[Saved data entries]
========================================
definition rect_diag_mat :: "nat \<Rightarrow> nat \<Rightarrow> (nat \<Rightarrow> 'a::zero) \<Rightarrow> 'a mat" where
  "rect_diag_mat k q d = mat k q (\<lambda>(i, j). if i = j then d i else 0)"

lemma rect_diag_mat_carrier [simp]: "rect_diag_mat k q d \<in> carrier_mat k q"
  by (simp add: rect_diag_mat_def)

lemma rect_diag_mat_mult_vec:
  fixes d :: "nat \<Rightarrow> 'a::semiring_0"
  assumes "k \<le> q" and y: "y \<in> carrier_vec q"
  shows "rect_diag_mat k q d *\<^sub>v y = vec k (\<lambda>i. d i * y $ i)"
proof (rule eq_vecI)
  fix i assume "i < dim_vec (vec k (\<lambda>i. d i * y $ i))"
  then have i: "i < k" by simp
  have "(rect_diag_mat k q d *\<^sub>v y) $ i = (\<Sum>j\<in>{0..<q}. (if i = j then d i else 0) * y $ j)"
    using i assms unfolding rect_diag_mat_def by (simp add: scalar_prod_def)
  also have "\<dots> = (\<Sum>j\<in>{0..<q}. if j = i then d i * y $ i else 0)"
    by (rule sum.cong) auto
  also have "\<dots> = d i * y $ i"
    using i assms by simp
  finally show "(rect_diag_mat k q d *\<^sub>v y) $ i = vec k (\<lambda>i. d i * y $ i) $ i"
    using i by simp
qed (simp add: rect_diag_mat_def)

lemma sqnorm_rect_diag_mult_vec:
  assumes "k \<le> q" and "y \<in> carrier_vec q"
  shows "sqnorm (rect_diag_mat k q d *\<^sub>v y) = (\<Sum>i<k. (d i * y $ i)\<^sup>2)"
  using assms by (simp add: rect_diag_mat_mult_vec sqnorm_def)

lemma singular_value_le_one:
  assumes A: "A \<in> carrier_mat k k" and contr: "\<forall>v\<in>carrier_vec k. sqnorm (A *\<^sub>v v) \<le> sqnorm v"
    and Z: "orthogonal_mat k Z" and V: "orthogonal_mat k V"
    and svd: "A = Z * rect_diag_mat k k \<sigma> * transpose_mat V" and i: "i < k"
  shows "(\<sigma> i)\<^sup>2 \<le> 1"
proof -
  have Zc: "Z \<in> carrier_mat k k" and Vc: "V \<in> carrier_mat k k"
    using Z V by (auto simp: orthogonal_mat_def)
  define v where "v = V *\<^sub>v unit_vec k i"
  have v: "v \<in> carrier_vec k"
    using Vc by (simp add: v_def)
  have "transpose_mat V *\<^sub>v v = unit_vec k i"
    using V Vc by (simp add: v_def orthogonal_mat_def flip: assoc_mult_mat_vec)
  then have "sqnorm (A *\<^sub>v v) = sqnorm (Z *\<^sub>v (rect_diag_mat k k \<sigma> *\<^sub>v unit_vec k i))"
    using Zc Vc v by (simp add: svd assoc_mult_mat_vec[of _ k k _ k])
  also have "\<dots> = sqnorm (rect_diag_mat k k \<sigma> *\<^sub>v unit_vec k i)"
    using Z by (intro sqnorm_mult_isometry[OF Zc] mult_mat_vec_carrier[OF rect_diag_mat_carrier])
      (auto simp: orthogonal_mat_def)
  also have "\<dots> = (\<Sum>j<k. (\<sigma> j * unit_vec k i $ j)\<^sup>2)"
    by (rule sqnorm_rect_diag_mult_vec) auto
  also have "\<dots> = (\<Sum>j<k. if j = i then (\<sigma> i)\<^sup>2 else 0)"
    by (rule sum.cong) (auto simp: unit_vec_def)
  finally have "sqnorm (A *\<^sub>v v) = (\<sigma> i)\<^sup>2"
    using i by simp
  moreover have "sqnorm v = 1"
    using V Vc i by (simp add: v_def orthogonal_mat_def sqnorm_mult_isometry sqnorm_unit_vec)
  ultimately show ?thesis
    using contr v by metis
qed

locale masked_projection =
  fixes n m :: nat and U1 U2 P :: "real mat"
  assumes m_le_n: "m \<le> n"
    and U1: "U1 \<in> carrier_mat n m" and U2: "U2 \<in> carrier_mat n (n - m)"
    and U1_orthonormal: "transpose_mat U1 * U1 = 1\<^sub>m m"
    and U2_orthonormal: "transpose_mat U2 * U2 = 1\<^sub>m (n - m)"
    and U1_U2_orthogonal: "transpose_mat U1 * U2 = 0\<^sub>m m (n - m)"
    and selection: "selection_op n m P"
    and invertible: "invertible_mat (transpose_mat P * U1)"
begin

abbreviation A :: "real mat" where "A \<equiv> transpose_mat P * U1"
abbreviation B :: "real mat" where "B \<equiv> transpose_mat P * U2"

definition M :: "real mat" where "M = minv A * B"

lemma P_carrier: "P \<in> carrier_mat n m"
  using selection by (simp add: selection_op_def)

lemma A_carrier: "A \<in> carrier_mat m m"
  using P_carrier U1 by simp

lemma B_carrier: "B \<in> carrier_mat m (n - m)"
  using P_carrier U2 by simp

lemmas minv_A = minv_inverse[OF A_carrier invertible]

lemma M_carrier: "M \<in> carrier_mat m (n - m)"
  using minv_A(1) B_carrier by (simp add: M_def)

lemma projector_sum: "U1 * transpose_mat U1 + U2 * transpose_mat U2 = 1\<^sub>m n"
  using m_le_n
  by (intro orthonormal_blocks_complete[OF U1 U2 _ U1_orthonormal U2_orthonormal U1_U2_orthogonal])
    simp

lemma A_B_rows_orthonormal: "A * transpose_mat A + B * transpose_mat B = 1\<^sub>m m"
proof -
  have Pt: "transpose_mat P \<in> carrier_mat m n"
    using P_carrier by simp
  have "A * transpose_mat A + B * transpose_mat B
      = transpose_mat P * (U1 * transpose_mat U1) * P + transpose_mat P * (U2 * transpose_mat U2) * P"
    using gram_mat_mult[OF Pt U1] gram_mat_mult[OF Pt U2] by simp
  also have "\<dots> = transpose_mat P * (U1 * transpose_mat U1 + U2 * transpose_mat U2) * P"
    using Pt U1 U2 P_carrier
    by (simp add: add_mult_distrib_mat[of _ m n] mult_add_distrib_mat[of "transpose_mat P" m n _ n])
  also have "\<dots> = 1\<^sub>m m"
    using projector_sum selection_op_orthonormal[OF selection] Pt by simp
  finally show ?thesis .
qed

lemma M_gram: "M * transpose_mat M = minv A * transpose_mat (minv A) - 1\<^sub>m m"
  unfolding M_def
  by (rule gram_left_inverse_mult[OF A_carrier B_carrier minv_A(1) minv_A(3) A_B_rows_orthonormal])

lemma trace_M_gram:
  assumes sv: "singular_values m A \<sigma>" and pos: "\<forall>i<m. 0 < \<sigma> i"
  shows "trace_mat (M * transpose_mat M) = (\<Sum>i<m. (1 - (\<sigma> i)\<^sup>2) / (\<sigma> i)\<^sup>2)"
proof -
  let ?Ai = "minv A"
  have "transpose_mat ?Ai * transpose_mat A = 1\<^sub>m m"
    using transpose_mult[OF A_carrier minv_A(1)] minv_A(2) by simp
  moreover have "?Ai * transpose_mat ?Ai * (transpose_mat A * A)
      = ?Ai * (transpose_mat ?Ai * transpose_mat A) * A"
    using minv_A(1) A_carrier by (simp add: assoc_mult_mat[of _ m m _ m _ m])
  ultimately have "?Ai * transpose_mat ?Ai * (transpose_mat A * A) = 1\<^sub>m m"
    using minv_A by simp
  then have "trace_mat (?Ai * transpose_mat ?Ai) = (\<Sum>i<m. 1 / (\<sigma> i)\<^sup>2)"
    using minv_A(1) A_carrier sv pos
    by (intro trace_mat_left_inverse[where e = "\<lambda>i. (\<sigma> i)\<^sup>2"]) (auto simp: singular_values_def)
  then have "trace_mat (M * transpose_mat M) = (\<Sum>i<m. 1 / (\<sigma> i)\<^sup>2 - 1)"
    using minv_A(1) by (simp add: M_gram trace_mat_def sum_subtractf)
  also have "\<dots> = (\<Sum>i<m. (1 - (\<sigma> i)\<^sup>2) / (\<sigma> i)\<^sup>2)"
    using pos by (intro sum.cong) (auto simp: field_simps)
  finally show ?thesis .
qed

lemma U2_orthogonal_U1:
  assumes b: "b \<in> carrier_vec (n - m)" and c: "c \<in> carrier_vec m"
  shows "(U2 *\<^sub>v b) \<bullet> (U1 *\<^sub>v c) = 0"
proof -
  have "(U2 *\<^sub>v b) \<bullet> (U1 *\<^sub>v c) = (transpose_mat U1 *\<^sub>v (U2 *\<^sub>v b)) \<bullet> c"
    using transpose_vec_mult_scalar[OF U1 c, of "U2 *\<^sub>v b"] U2 b by simp
  also have "transpose_mat U1 *\<^sub>v (U2 *\<^sub>v b) = 0\<^sub>m m (n - m) *\<^sub>v b"
    using U1_U2_orthogonal U1 U2 b by (simp flip: assoc_mult_mat_vec)
  also have "\<dots> = 0\<^sub>v m"
    using b by (intro eq_vecI) (auto simp: scalar_prod_def)
  finally show ?thesis
    using c by simp
qed

context
  fixes x :: "real vec"
  assumes x: "x \<in> carrier_vec n"
begin

lemma orthogonal_decomposition: "x = U1 *\<^sub>v (transpose_mat U1 *\<^sub>v x) + U2 *\<^sub>v (transpose_mat U2 *\<^sub>v x)"
proof -
  have "x = (U1 * transpose_mat U1 + U2 * transpose_mat U2) *\<^sub>v x"
    using projector_sum x by simp
  also have "\<dots> = U1 *\<^sub>v (transpose_mat U1 *\<^sub>v x) + U2 *\<^sub>v (transpose_mat U2 *\<^sub>v x)"
    using U1 U2 x by (simp add: add_mult_distrib_mat_vec[of _ n n])
  finally show ?thesis .
qed

lemma masked_projection_eq:
  "U1 * minv A * transpose_mat P *\<^sub>v x
    = U1 *\<^sub>v (transpose_mat U1 *\<^sub>v x) + U1 *\<^sub>v (M *\<^sub>v (transpose_mat U2 *\<^sub>v x))"
proof -
  let ?a = "transpose_mat U1 *\<^sub>v x" and ?b = "transpose_mat U2 *\<^sub>v x"
  have a: "?a \<in> carrier_vec m" and b: "?b \<in> carrier_vec (n - m)"
    using U1 U2 x by auto
  have "transpose_mat P *\<^sub>v x = transpose_mat P *\<^sub>v (U1 *\<^sub>v ?a + U2 *\<^sub>v ?b)"
    by (rule arg_cong[OF orthogonal_decomposition])
  also have "\<dots> = A *\<^sub>v ?a + B *\<^sub>v ?b"
    using P_carrier U1 U2 a b by (simp add: mult_add_distrib_mat_vec[of _ m n])
  finally have "minv A *\<^sub>v (transpose_mat P *\<^sub>v x) = minv A *\<^sub>v (A *\<^sub>v ?a) + minv A *\<^sub>v (B *\<^sub>v ?b)"
    using minv_A(1) A_carrier B_carrier a b by (simp add: mult_add_distrib_mat_vec[of _ m m])
  also have "minv A *\<^sub>v (A *\<^sub>v ?a) = ?a"
    using minv_A A_carrier a by (simp flip: assoc_mult_mat_vec)
  also have "minv A *\<^sub>v (B *\<^sub>v ?b) = M *\<^sub>v ?b"
    using minv_A(1) B_carrier b by (simp add: M_def assoc_mult_mat_vec[of _ m m _ "n - m"])
  finally have masked_coordinates: "minv A *\<^sub>v (transpose_mat P *\<^sub>v x) = ?a + M *\<^sub>v ?b" .
  have "U1 * minv A * transpose_mat P *\<^sub>v x = U1 *\<^sub>v (minv A *\<^sub>v (transpose_mat P *\<^sub>v x))"
    using U1 minv_A(1) P_carrier x
    by (simp add: assoc_mult_mat_vec[of _ n m _ n] assoc_mult_mat_vec[of _ n m _ m])
  also have "\<dots> = U1 *\<^sub>v ?a + U1 *\<^sub>v (M *\<^sub>v ?b)"
    unfolding masked_coordinates using M_carrier b by (intro mult_add_distrib_mat_vec[OF U1 a]) simp
  finally show ?thesis .
qed

lemma residual_eq: "(1\<^sub>m n - U1 * transpose_mat U1) *\<^sub>v x = U2 *\<^sub>v (transpose_mat U2 *\<^sub>v x)"
proof -
  have "(1\<^sub>m n - U1 * transpose_mat U1) *\<^sub>v x = x - U1 *\<^sub>v (transpose_mat U1 *\<^sub>v x)"
    using U1 x by (simp add: minus_mult_distrib_mat_vec[of _ n n])
  also have "\<dots> = U2 *\<^sub>v (transpose_mat U2 *\<^sub>v x)"
    using U1 U2 x by (subst orthogonal_decomposition) (rule eq_vecI; auto)
  finally show ?thesis .
qed

lemma sqnorm_residual:
  "sqnorm ((1\<^sub>m n - U1 * transpose_mat U1) *\<^sub>v x) = sqnorm (transpose_mat U2 *\<^sub>v x)"
  using U2 x by (simp add: residual_eq sqnorm_mult_isometry[OF U2 U2_orthonormal])

lemma sqnorm_masked_error:
  "sqnorm (x - U1 * minv A * transpose_mat P *\<^sub>v x)
    = sqnorm (transpose_mat U2 *\<^sub>v x) + sqnorm (M *\<^sub>v (transpose_mat U2 *\<^sub>v x))"
proof -
  let ?a = "transpose_mat U1 *\<^sub>v x" and ?b = "transpose_mat U2 *\<^sub>v x"
  have a: "?a \<in> carrier_vec m" and b: "?b \<in> carrier_vec (n - m)" and Mb: "M *\<^sub>v ?b \<in> carrier_vec m"
    using U1 U2 x M_carrier by auto
  have "x - U1 * minv A * transpose_mat P *\<^sub>v x = U2 *\<^sub>v ?b - U1 *\<^sub>v (M *\<^sub>v ?b)"
    unfolding masked_projection_eq using U1 U2 a b Mb
    by (subst orthogonal_decomposition) (rule eq_vecI; auto)
  also have "sqnorm \<dots> = sqnorm (U2 *\<^sub>v ?b) + sqnorm (U1 *\<^sub>v (M *\<^sub>v ?b))"
    using U1 U2 b Mb by (intro sqnorm_minus_orthogonal[of _ n] U2_orthogonal_U1) auto
  finally show ?thesis
    using b Mb by (simp add: sqnorm_mult_isometry[OF U2 U2_orthonormal]
        sqnorm_mult_isometry[OF U1 U1_orthonormal])
qed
========================================
◆ Try it: If a line in the data holds the string "selection", copy that line.

◆ Written answer:
    and selection: "selection_op n m P"
  using selection by (simp add: selection_op_def)
    using projector_sum selection_op_orthonormal[OF selection] Pt by simp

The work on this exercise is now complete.